UNLV's First Building-Frazier Hall- designed by Walter Zick!
Saturday, August 29, 2009 at 9:30AM
LasVegasLynn in Cultural Tourism, Current Day, Las Vegas History

 

For more information on our tribute to Walter Zick on October 3rd, click here.

University of Nevada Professor James R. Dickinson arrived from Reno in September 1951 to start extension classes at Las Vegas High School.

Meeting for the first time in Las Vegas in 1954, University Regents expressed support for a Southern Nevada campus while warning that most of the funding was needed in the north.

Clark County School Superintendent R. Guild Gray took up the challenge. Assisted by Assemblywoman Maude Frazier, who was a former school superintendent, the Porchlight Campaign began.
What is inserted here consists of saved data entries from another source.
(* Let $n\ge1$ and let $f_1,\dots,f_n:\mathbb{R}^d\to\mathbb{R}$ be infinitely differentiable functions whose derivatives of all orders (including order zero) are bounded and integrable, and such that $|f_i(x)|\le C_i(1+|x|^{2d})^{-1}$ for all $x\in\mathbb{R}^d$ and $i=1,\dots,n$, for constants $C_i<\infty$. Let $\xi$ be an $\mathbb{R}^d$-valued random variable with characteristic function $\varphi$, and let $s=\circledast_{i=1}^n\{\overline{\mathcal{F}[f_i]}\,\varphi\}$. Then $s\in L^1(\mathbb{R}^d)$, $\mathcal{F}[s](x)=\prod_{i=1}^n\mathbb{E}[f_i(x+\xi)]$ for all $x\in\mathbb{R}^d$, and $\sup_{y\in\mathbb{R}^d}|y|^k|s(y)|<\infty$ for every $k\in\mathbb{N}$.
   Context: $\varphi(t)=\mathbb{E}[e^{2\pi\mathbf{i}t\cdot\xi}]$; $\mathcal{F}[g](k)=\int g(x)e^{2\pi\mathbf{i}k\cdot x}dx$. For functions $g_1,\dots,g_n$, $\circledast_{i=1}^1 g_i=g_1$ and $\circledast_{i=1}^n g_i=g_n\ast\{\circledast_{i=1}^{n-1}g_i\}$ with $(g\ast h)(y)=\int g(z)h(y-z)dz$. *)

theory Defs
  imports "HOL-Probability.Probability"
begin

fun iter_pd :: "'a::euclidean_space list \<Rightarrow> ('a \<Rightarrow> real) \<Rightarrow> 'a \<Rightarrow> real" where
  "iter_pd [] f = f"
| "iter_pd (v # vs) f = (\<lambda>x. frechet_derivative (iter_pd vs f) (at x) v)"

definition smooth_bdd_int :: "('a::euclidean_space \<Rightarrow> real) \<Rightarrow> bool" where
  "smooth_bdd_int f \<longleftrightarrow>
     (\<forall>vs \<in> lists Basis.
        (\<forall>x. iter_pd vs f differentiable (at x))
      \<and> bounded (range (iter_pd vs f))
      \<and> integrable lborel (iter_pd vs f))"

definition charfun :: "'w measure \<Rightarrow> ('w \<Rightarrow> 'a::euclidean_space) \<Rightarrow> 'a \<Rightarrow> complex" where
  "charfun M \<xi> t = (\<integral>\<omega>. exp (2 * pi * \<i> * complex_of_real (t \<bullet> \<xi> \<omega>)) \<partial>M)"

definition fourier :: "('a::euclidean_space \<Rightarrow> complex) \<Rightarrow> 'a \<Rightarrow> complex" where
  "fourier g k = (\<integral>x. g x * exp (2 * pi * \<i> * complex_of_real (k \<bullet> x)) \<partial>lborel)"

definition conv :: "('a::euclidean_space \<Rightarrow> complex) \<Rightarrow> ('a \<Rightarrow> complex) \<Rightarrow> 'a \<Rightarrow> complex" where
  "conv g h y = (\<integral>z. g z * h (y - z) \<partial>lborel)"

text \<open>Iterated convolution: bigconv g 1 = g 1, bigconv g (n+1) = g (n+1) * bigconv g n.
  (The value at 0 is an irrelevant default.)\<close>
fun bigconv :: "(nat \<Rightarrow> 'a::euclidean_space \<Rightarrow> complex) \<Rightarrow> nat \<Rightarrow> 'a \<Rightarrow> complex" where
  "bigconv g 0 = (\<lambda>_. 0)"
| "bigconv g (Suc 0) = g 1"
| "bigconv g (Suc (Suc n)) = conv (g (Suc (Suc n))) (bigconv g (Suc n))"

end

theory Submission
  imports Defs
begin

text \<open>Each factor \<open>g\<^sub>i = cnj (F f\<^sub>i) \<phi>\<close> is rapidly decreasing: comparing \<open>f\<^sub>i\<close>
  and its derivatives with their translates shows that \<open>|k \<bullet> b|\<^sup>m |F f\<^sub>i(k)|\<close> is
  bounded for every coordinate \<open>b\<close> and order \<open>m\<close>, and \<open>|\<phi>| \<le> 1\<close>. Rapid decay survives
  convolution (split \<open>|y|\<^sup>k \<le> 2\<^sup>k (|z|\<^sup>k + |y - z|\<^sup>k)\<close>), so \<open>s\<close> is integrable with
  bounded moments, and by the convolution theorem \<open>F s\<close> is the product of the \<open>F g\<^sub>i\<close>.
  Finally \<open>F g\<^sub>i(x) = E f\<^sub>i(x + \<xi>)\<close>: exchanging expectation and frequency integral
  reduces this to Fourier inversion for \<open>f\<^sub>i\<close>, which follows by damping with a
  Gaussian, the fixed point of the Fourier transform.\<close>

definition e2pi :: "real \<Rightarrow> complex" where
  "e2pi t = exp (2 * pi * \<i> * complex_of_real t)"

lemma norm_e2pi [simp]: "norm (e2pi t) = 1"
  unfolding e2pi_def by (simp add: norm_exp_eq_Re)

lemma e2pi_0 [simp]: "e2pi 0 = 1"
  unfolding e2pi_def by simp

lemma e2pi_add: "e2pi (a + b) = e2pi a * e2pi b"
  unfolding e2pi_def by (simp add: distrib_left exp_add[symmetric])

lemma e2pi_sum: "finite A \<Longrightarrow> e2pi (\<Sum>i\<in>A. f i) = (\<Prod>i\<in>A. e2pi (f i))"
  by (induct A rule: finite_induct) (auto simp: e2pi_add)

lemma cnj_e2pi: "cnj (e2pi t) = e2pi (- t)"
  unfolding e2pi_def by (simp add: exp_cnj)

lemma e2pi_half: "e2pi (1/2) = -1" "e2pi (- (1/2)) = -1"
  unfolding e2pi_def
  by (simp_all add: exp_eq_polar cis_conv_exp[symmetric] cis.ctr complex_eq_iff)

lemma continuous_on_e2pi [continuous_intros]: "continuous_on A e2pi"
  unfolding e2pi_def by (intro continuous_intros)

lemma borel_measurable_e2pi [measurable]: "e2pi \<in> borel_measurable borel"
  using continuous_on_e2pi by (rule borel_measurable_continuous_onI)

lemma fourier_e2pi: "fourier g k = (\<integral>x. g x * e2pi (k \<bullet> x) \<partial>lborel)"
  unfolding fourier_def e2pi_def ..

lemma charfun_e2pi: "charfun M X t = (\<integral>\<omega>. e2pi (t \<bullet> X \<omega>) \<partial>M)"
  unfolding charfun_def e2pi_def ..

lemma nn_integral_lborel_affine:
  fixes f :: "'a::euclidean_space \<Rightarrow> ennreal"
  assumes [measurable]: "f \<in> borel_measurable borel" and c: "c \<noteq> 0"
  shows "(\<integral>\<^sup>+x. f x \<partial>lborel) = ennreal (\<bar>c\<bar> ^ DIM('a)) * (\<integral>\<^sup>+x. f (t + c *\<^sub>R x) \<partial>lborel)"
  by (subst lborel_affine[OF c, of t])
     (simp add: nn_integral_density nn_integral_distr nn_integral_cmult)

lemma integrable_lborel_affine:
  fixes f :: "'a::euclidean_space \<Rightarrow> 'b::{banach, second_countable_topology}"
  assumes f: "integrable lborel f" and c: "c \<noteq> 0"
  shows "integrable lborel (\<lambda>x. f (t + c *\<^sub>R x))"
  using f f[THEN borel_measurable_integrable] c unfolding integrable_iff_bounded
  by (subst (asm) nn_integral_lborel_affine[where c=c and t=t]) (auto simp: ennreal_mult_less_top)

lemma integrable_lborel_affine_iff:
  fixes f :: "'a::euclidean_space \<Rightarrow> 'b::{banach, second_countable_topology}"
  assumes c: "c \<noteq> 0"
  shows "integrable lborel (\<lambda>x. f (t + c *\<^sub>R x)) \<longleftrightarrow> integrable lborel f"
proof
  assume "integrable lborel (\<lambda>x. f (t + c *\<^sub>R x))"
  from integrable_lborel_affine[OF this, of "1/c" "- t /\<^sub>R c"] c show "integrable lborel f"
    by (simp add: algebra_simps)
qed (rule integrable_lborel_affine[OF _ c])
High school and college students going door to door raised more than $135,000, enough to construct the first building. Eighty acres of desert was donated on remote Maryland Parkway in unincorporated Clark County.

The Legislature, impressed with the local fundraising and the donated land, provided $200,000. When the first building was completed in 1957, it was named Maude Frazier Hall.

In 1969, Nevada Southern University became the University of Nevada, Las Vegas, putting it on equal footing with the northern campus. Ten years later, UNLV's enrollment surpassed Reno's.

UNLV now has more than 100 buildings and 1,000 faculty members teaching 28,000 students, as well as more than 220 accredited undergraduate, masters and doctoral degree programs. This historical photo is one in a continuing series commemorating the 100th anniversary of Clark County.